### ACTION ITEM
Restate each entry word for word, leaving nothing out.

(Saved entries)
::::
section \<open>Diagonals and diagonal points\<close>

context quadrilateral
begin

abbreviation "d1 \<equiv> diag1 A B A' B'"
abbreviation "d2 \<equiv> diag2 A B A' B'"

lemma opposite_vertices_distinct: "v1 \<noteq> v3" "v2 \<noteq> v4"
  using vertices_on_sides not_concurrent by metis+

lemma diagonals: "is_line d1" "on_line v1 d1" "on_line v3 d1" "is_line d2" "on_line v2 d2" "on_line v4 d2"
  unfolding diag1_def diag2_def using line_through opposite_vertices_distinct by blast+

lemma diagonals_distinct: "d1 \<noteq> d2"
proof
  assume d: "d1 = d2"
  have on_d1: "on_line v1 d1" "on_line v2 d1" "on_line v3 d1" "on_line v4 d1" using diagonals d by auto
  have side_eq: "S = d1" if "is_line S" "on_line p S" "on_line q S" "p \<noteq> q" "on_line p d1" "on_line q d1"
    for S p q
    using lines_eq_if_two_common_points[OF that(1) diagonals(1) that(4,2,3,5,6)] .
  have A: "v1 \<noteq> v4 \<Longrightarrow> A = d1" and B: "v1 \<noteq> v2 \<Longrightarrow> B = d1"
    and A': "v2 \<noteq> v3 \<Longrightarrow> A' = d1" and B': "v3 \<noteq> v4 \<Longrightarrow> B' = d1"
    using side_eq sides vertices_on_sides on_d1 by blast+
  show False
    using A B A' B' sides_distinct opposite_vertices_distinct by metis
qed

lemma parallel_opposite_sides_iff:
  "parallel A A' \<longleftrightarrow> dir_det A A' = 0" "parallel B B' \<longleftrightarrow> dir_det B B' = 0"
  using same_dir_iff_dir_det sides sides_distinct unfolding parallel_def same_dir_def by blast+

lemma parallel_diagonals_iff: "parallel d1 d2 \<longleftrightarrow> diag_det = 0"
  using same_dir_iff_dir_det[OF diagonals(1,4)] diagonals_distinct
    dir_det_eq_0_iff_det2[OF diagonals(1-3) opposite_vertices_distinct(1)
      diagonals(4-6) opposite_vertices_distinct(2)]
  unfolding parallel_def same_dir_def by blast

lemma bisector_poly_diagonals_meet:
  assumes "\<not> same_dir d1 d2"
  shows "bisector_poly A B A' B' (meet d1 d2) = 0"
proof -
  define p where "p = meet d1 d2"
  have "dir_det d1 d2 \<noteq> 0" using assms same_dir_iff_dir_det diagonals by blast
  then have "p \<in> line_pts v1 v3" "p \<in> line_pts v2 v4"
    using meet_on_line on_line_iff_line_pts diagonals opposite_vertices_distinct unfolding p_def by blast+
  then obtain s r where
    ps: "p = (fst v1 + s * (fst v3 - fst v1), snd v1 + s * (snd v3 - snd v1))" and
    pr: "p = (fst v2 + r * (fst v4 - fst v2), snd v2 + r * (snd v4 - snd v2))"
    unfolding line_pts_def by blast
  have s: "line_eval L p = line_eval L v1 + s * (line_eval L v3 - line_eval L v1)" for L
    unfolding ps by (rule line_eval_affine)
  have r: "line_eval L p = line_eval L v2 + r * (line_eval L v4 - line_eval L v2)" for L
    unfolding pr by (rule line_eval_affine)
  define a where "a = line_eval A p"
  define a' where "a' = line_eval A' p"
  define b where "b = line_eval B p"
  define b' where "b' = line_eval B' p"
  note D = adjacent_dir_det_nonzero
  have a: "a * D3 = s * T3" "a * D2 = (1 - r) * T1"
    using s[of A] r[of A] D by (simp_all only: a_def line_eval_vertices) (simp_all add: field_simps)
  have a': "a' = (1 - s) * T1 / D1" "a' = r * T3 / D4"
    using s[of A'] r[of A'] D by (simp_all only: a'_def line_eval_vertices) (simp_all add: field_simps)
  have b: "b = r * T4 / D4"
    using r[of B] D by (simp only: b_def line_eval_vertices) (simp add: field_simps)
  have b': "b' = (1 - s) * T4 / D1"
    using s[of B'] D by (simp only: b'_def line_eval_vertices) (simp add: field_simps)
  have a'_D1: "a' * D1 = (1 - s) * T1" using D by (simp add: a'(1))
  have a'_D4: "a' * D4 = r * T3" using D by (simp add: a'(2))
  have "T3 * b = T4 * a'" "T1 * b' = T4 * a'"
    by (subst a'(2), simp add: b ac_simps) (subst a'(1), simp add: b' ac_simps)
  moreover have "(a * D3) * b - (a * D2) * b' - (a' * D4) * b + (a' * D1) * b' = (s - r) * (T3 * b - T1 * b')"
    unfolding a a'_D1 a'_D4 by (simp add: algebra_simps)
  ultimately have "(a * D3) * b - (a * D2) * b' - (a' * D4) * b + (a' * D1) * b' = 0" by simp
  then have "side_quad A B A' B' a a' b b' = 0" by (simp add: side_quad_def algebra_simps)
  then show ?thesis by (simp add: bisector_poly_eq_side_quad a_def a'_def b_def b'_def p_def)
qed

lemma bisector_poly_finite_diag_point:
  assumes "is_finite_diag_point A B A' B' p"
  shows "bisector_poly A B A' B' p = 0"
proof -
  have pair: "bisector_poly A B A' B' p = 0"
    if "on_line p L1" "on_line p L2" "{L1, L2} = {A, A'} \<or> {L1, L2} = {B, B'}" for L1 L2
    using that by (auto simp: bisector_poly_def pair_normal_def det2_def on_line_iff_eval doubleton_eq_iff)
  from assms consider "\<not> same_dir A A'" "p = meet A A'" | "\<not> same_dir B B'" "p = meet B B'"
    | "\<not> same_dir d1 d2" "p = meet d1 d2"
    unfolding is_finite_diag_point_def by blast
  then show ?thesis
  proof cases
    case 1 then show ?thesis using pair meet_on_line same_dir_iff_dir_det sides by metis
  next
    case 2 then show ?thesis using pair meet_on_line same_dir_iff_dir_det sides by metis
  next
    case 3 then show ?thesis using bisector_poly_diagonals_meet by simp
  qed
qed

lemma PhiQ_at_diag_point_eq_0_iff:
  assumes "is_finite_diag_point A B A' B' p"
  shows "Phi (p - cen) = 0 \<longleftrightarrow> parallel A A' \<or> parallel B B' \<or> parallel d1 d2"
  using PhiQ_at_locus_point[OF bisector_poly_finite_diag_point[OF assms]]
    parallel_opposite_sides_iff parallel_diagonals_iff powers_of_two_nonzero(3)[OF two]
  by (metis mult_eq_0_iff)

end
::::
### SOLUTION
section \<open>Diagonals and diagonal points\<close>

context quadrilateral
begin

abbreviation "d1 \<equiv> diag1 A B A' B'"
abbreviation "d2 \<equiv> diag2 A B A' B'"

lemma opposite_vertices_distinct: "v1 \<noteq> v3" "v2 \<noteq> v4"
  using vertices_on_sides not_concurrent by metis+

lemma diagonals: "is_line d1" "on_line v1 d1" "on_line v3 d1" "is_line d2" "on_line v2 d2" "on_line v4 d2"
  unfolding diag1_def diag2_def using line_through opposite_vertices_distinct by blast+

lemma diagonals_distinct: "d1 \<noteq> d2"
proof
  assume d: "d1 = d2"
  have on_d1: "on_line v1 d1" "on_line v2 d1" "on_line v3 d1" "on_line v4 d1" using diagonals d by auto
  have side_eq: "S = d1" if "is_line S" "on_line p S" "on_line q S" "p \<noteq> q" "on_line p d1" "on_line q d1"
    for S p q
    using lines_eq_if_two_common_points[OF that(1) diagonals(1) that(4,2,3,5,6)] .
  have A: "v1 \<noteq> v4 \<Longrightarrow> A = d1" and B: "v1 \<noteq> v2 \<Longrightarrow> B = d1"
    and A': "v2 \<noteq> v3 \<Longrightarrow> A' = d1" and B': "v3 \<noteq> v4 \<Longrightarrow> B' = d1"
    using side_eq sides vertices_on_sides on_d1 by blast+
  show False
    using A B A' B' sides_distinct opposite_vertices_distinct by metis
qed

lemma parallel_opposite_sides_iff:
  "parallel A A' \<longleftrightarrow> dir_det A A' = 0" "parallel B B' \<longleftrightarrow> dir_det B B' = 0"
  using same_dir_iff_dir_det sides sides_distinct unfolding parallel_def same_dir_def by blast+

lemma parallel_diagonals_iff: "parallel d1 d2 \<longleftrightarrow> diag_det = 0"
  using same_dir_iff_dir_det[OF diagonals(1,4)] diagonals_distinct
    dir_det_eq_0_iff_det2[OF diagonals(1-3) opposite_vertices_distinct(1)
      diagonals(4-6) opposite_vertices_distinct(2)]
  unfolding parallel_def same_dir_def by blast

lemma bisector_poly_diagonals_meet:
  assumes "\<not> same_dir d1 d2"
  shows "bisector_poly A B A' B' (meet d1 d2) = 0"
proof -
  define p where "p = meet d1 d2"
  have "dir_det d1 d2 \<noteq> 0" using assms same_dir_iff_dir_det diagonals by blast
  then have "p \<in> line_pts v1 v3" "p \<in> line_pts v2 v4"
    using meet_on_line on_line_iff_line_pts diagonals opposite_vertices_distinct unfolding p_def by blast+
  then obtain s r where
    ps: "p = (fst v1 + s * (fst v3 - fst v1), snd v1 + s * (snd v3 - snd v1))" and
    pr: "p = (fst v2 + r * (fst v4 - fst v2), snd v2 + r * (snd v4 - snd v2))"
    unfolding line_pts_def by blast
  have s: "line_eval L p = line_eval L v1 + s * (line_eval L v3 - line_eval L v1)" for L
    unfolding ps by (rule line_eval_affine)
  have r: "line_eval L p = line_eval L v2 + r * (line_eval L v4 - line_eval L v2)" for L
    unfolding pr by (rule line_eval_affine)
  define a where "a = line_eval A p"
  define a' where "a' = line_eval A' p"
  define b where "b = line_eval B p"
  define b' where "b' = line_eval B' p"
  note D = adjacent_dir_det_nonzero
  have a: "a * D3 = s * T3" "a * D2 = (1 - r) * T1"
    using s[of A] r[of A] D by (simp_all only: a_def line_eval_vertices) (simp_all add: field_simps)
  have a': "a' = (1 - s) * T1 / D1" "a' = r * T3 / D4"
    using s[of A'] r[of A'] D by (simp_all only: a'_def line_eval_vertices) (simp_all add: field_simps)
  have b: "b = r * T4 / D4"
    using r[of B] D by (simp only: b_def line_eval_vertices) (simp add: field_simps)
  have b': "b' = (1 - s) * T4 / D1"
    using s[of B'] D by (simp only: b'_def line_eval_vertices) (simp add: field_simps)
  have a'_D1: "a' * D1 = (1 - s) * T1" using D by (simp add: a'(1))
  have a'_D4: "a' * D4 = r * T3" using D by (simp add: a'(2))
  have "T3 * b = T4 * a'" "T1 * b' = T4 * a'"
    by (subst a'(2), simp add: b ac_simps) (subst a'(1), simp add: b' ac_simps)
  moreover have "(a * D3) * b - (a * D2) * b' - (a' * D4) * b + (a' * D1) * b' = (s - r) * (T3 * b - T1 * b')"
    unfolding a a'_D1 a'_D4 by (simp add: algebra_simps)
  ultimately have "(a * D3) * b - (a * D2) * b' - (a' * D4) * b + (a' * D1) * b' = 0" by simp
  then have "side_quad A B A' B' a a' b b' = 0" by (simp add: side_quad_def algebra_simps)
  then show ?thesis by (simp add: bisector_poly_eq_side_quad a_def a'_def b_def b'_def p_def)
qed

lemma bisector_poly_finite_diag_point:
  assumes "is_finite_diag_point A B A' B' p"
  shows "bisector_poly A B A' B' p = 0"
proof -
  have pair: "bisector_poly A B A' B' p = 0"
    if "on_line p L1" "on_line p L2" "{L1, L2} = {A, A'} \<or> {L1, L2} = {B, B'}" for L1 L2
    using that by (auto simp: bisector_poly_def pair_normal_def det2_def on_line_iff_eval doubleton_eq_iff)
  from assms consider "\<not> same_dir A A'" "p = meet A A'" | "\<not> same_dir B B'" "p = meet B B'"
    | "\<not> same_dir d1 d2" "p = meet d1 d2"
    unfolding is_finite_diag_point_def by blast
  then show ?thesis
  proof cases
    case 1 then show ?thesis using pair meet_on_line same_dir_iff_dir_det sides by metis
  next
    case 2 then show ?thesis using pair meet_on_line same_dir_iff_dir_det sides by metis
  next
    case 3 then show ?thesis using bisector_poly_diagonals_meet by simp
  qed
qed

lemma PhiQ_at_diag_point_eq_0_iff:
  assumes "is_finite_diag_point A B A' B' p"
  shows "Phi (p - cen) = 0 \<longleftrightarrow> parallel A A' \<or> parallel B B' \<or> parallel d1 d2"
  using PhiQ_at_locus_point[OF bisector_poly_finite_diag_point[OF assms]]
    parallel_opposite_sides_iff parallel_diagonals_iff powers_of_two_nonzero(3)[OF two]
  by (metis mult_eq_0_iff)

end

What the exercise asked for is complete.